(* Let $\Gamma$ be a weighted digraph with vertex set $\{1,\dots,n\}$, $n>1$, without loops and with strictly positive arc weights, with Laplacian matrix $L$, in-forest dimension $d$, and let $\tilde J=\sigma_{n-d}^{-1}Q_{n-d}$. Let $\alpha\in\mathbb C$. Then (i) the eigenvalues of $L+\alpha\tilde J$, listed with multiplicities, are the nonzero eigenvalues of $L$ with their multiplicities together with $\alpha$ taken $d$ times (i.e., they are obtained from the eigenvalues $\lambda_1,\dots,\lambda_n$ of $L$ by replacing each $\lambda_i=0$ with $\alpha$); (ii) $L+\alpha\tilde J$ is nonsingular whenever $\alpha\neq0$.
   Context: $W=(w_{ij})$ is the matrix of arc weights ($w_{ij}>0$ iff there is an arc $i\to j$, else $0$). The Laplacian $L=(\ell_{ij})$: $\ell_{ij}=-w_{ij}$ for $j\ne i$, $\ell_{ii}=\sum_{k\ne i}w_{ik}$. The weight of a subgraph is the product of its arc weights (1 if no arcs); the weight of a set of subgraphs is the sum of their weights. A converging tree is a weakly connected digraph with one vertex (the root) of outdegree 0 and all others of outdegree 1; an in-forest is a spanning subgraph of $\Gamma$ whose weak components are converging trees. The in-forest dimension $d$ is the minimal number of trees in an in-forest (so in-forests have at most $n-d$ arcs). $\sigma_k$ is the total weight of in-forests with $k$ arcs; $Q_k=(q^k_{ij})$ with $q^k_{ij}$ the total weight of in-forests with $k$ arcs in which $i$ lies in a tree rooted at $j$. *)

theory Defs
  imports "Jordan_Normal_Form.Char_Poly"
begin

text \<open>Vertices are 0..<n (the paper's 1..n shifted by one). W is an n x n real
 matrix of arc weights: there is an arc i -> j iff W(i,j) > 0.\<close>

definition arcs :: "real mat \<Rightarrow> nat \<Rightarrow> (nat \<times> nat) set" where
  "arcs W n = {(i,j). i < n \<and> j < n \<and> i \<noteq> j \<and> W $$ (i,j) > 0}"

definition outdeg :: "(nat \<times> nat) set \<Rightarrow> nat \<Rightarrow> nat" where
  "outdeg F i = card {j. (i,j) \<in> F}"

definition weak_comp :: "(nat \<times> nat) set \<Rightarrow> nat \<Rightarrow> nat \<Rightarrow> nat set" where
  "weak_comp F n i = {j. j < n \<and> (i,j) \<in> (F \<union> F\<inverse>)\<^sup>*}"

definition is_in_forest :: "real mat \<Rightarrow> nat \<Rightarrow> (nat \<times> nat) set \<Rightarrow> bool" where
  "is_in_forest W n F \<longleftrightarrow> F \<subseteq> arcs W n \<and>
     (\<forall>i<n. outdeg F i \<le> 1) \<and>
     (\<forall>i<n. \<exists>!r. r \<in> weak_comp F n i \<and> outdeg F r = 0)"

definition num_trees :: "(nat \<times> nat) set \<Rightarrow> nat \<Rightarrow> nat" where
  "num_trees F n = card (weak_comp F n ` {..<n})"

definition in_forest_dim :: "real mat \<Rightarrow> nat \<Rightarrow> nat" where
  "in_forest_dim W n = Min {num_trees F n | F. is_in_forest W n F}"

definition fweight :: "real mat \<Rightarrow> (nat \<times> nat) set \<Rightarrow> real" where
  "fweight W F = (\<Prod>(i,j)\<in>F. W $$ (i,j))"

definition sigma :: "real mat \<Rightarrow> nat \<Rightarrow> nat \<Rightarrow> real" where
  "sigma W n k = (\<Sum>F\<in>{F. is_in_forest W n F \<and> card F = k}. fweight W F)"

definition Qmat :: "real mat \<Rightarrow> nat \<Rightarrow> nat \<Rightarrow> real mat" where
  "Qmat W n k = mat n n (\<lambda>(i,j). \<Sum>F\<in>{F. is_in_forest W n F \<and> card F = k
        \<and> j \<in> weak_comp F n i \<and> outdeg F j = 0}. fweight W F)"

definition laplacian :: "real mat \<Rightarrow> nat \<Rightarrow> real mat" where
  "laplacian W n = mat n n (\<lambda>(i,j). if i = j then (\<Sum>k\<in>{..<n} - {i}. W $$ (i,k))
        else - W $$ (i,j))"

definition Jtilde :: "real mat \<Rightarrow> nat \<Rightarrow> real mat" where
  "Jtilde W n = (let d = in_forest_dim W n in
     (1 / sigma W n (n - d)) \<cdot>\<^sub>m Qmat W n (n - d))"

abbreviation cmat :: "real mat \<Rightarrow> complex mat" where
  "cmat A \<equiv> map_mat complex_of_real A"

end

theory Submission
  imports Defs "Jordan_Normal_Form.Schur_Decomposition"
begin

· · · ·

- [Activity]: Identify the lines of the data that contain the word "card". Copy each of them.

- [Task solution]:
  "outdeg F i = card {j. (i,j) \<in> F}"
  "num_trees F n = card (weak_comp F n ` {..<n})"
  "sigma W n k = (\<Sum>F\<in>{F. is_in_forest W n F \<and> card F = k}. fweight W F)"
  "Qmat W n k = mat n n (\<lambda>(i,j). \<Sum>F\<in>{F. is_in_forest W n F \<and> card F = k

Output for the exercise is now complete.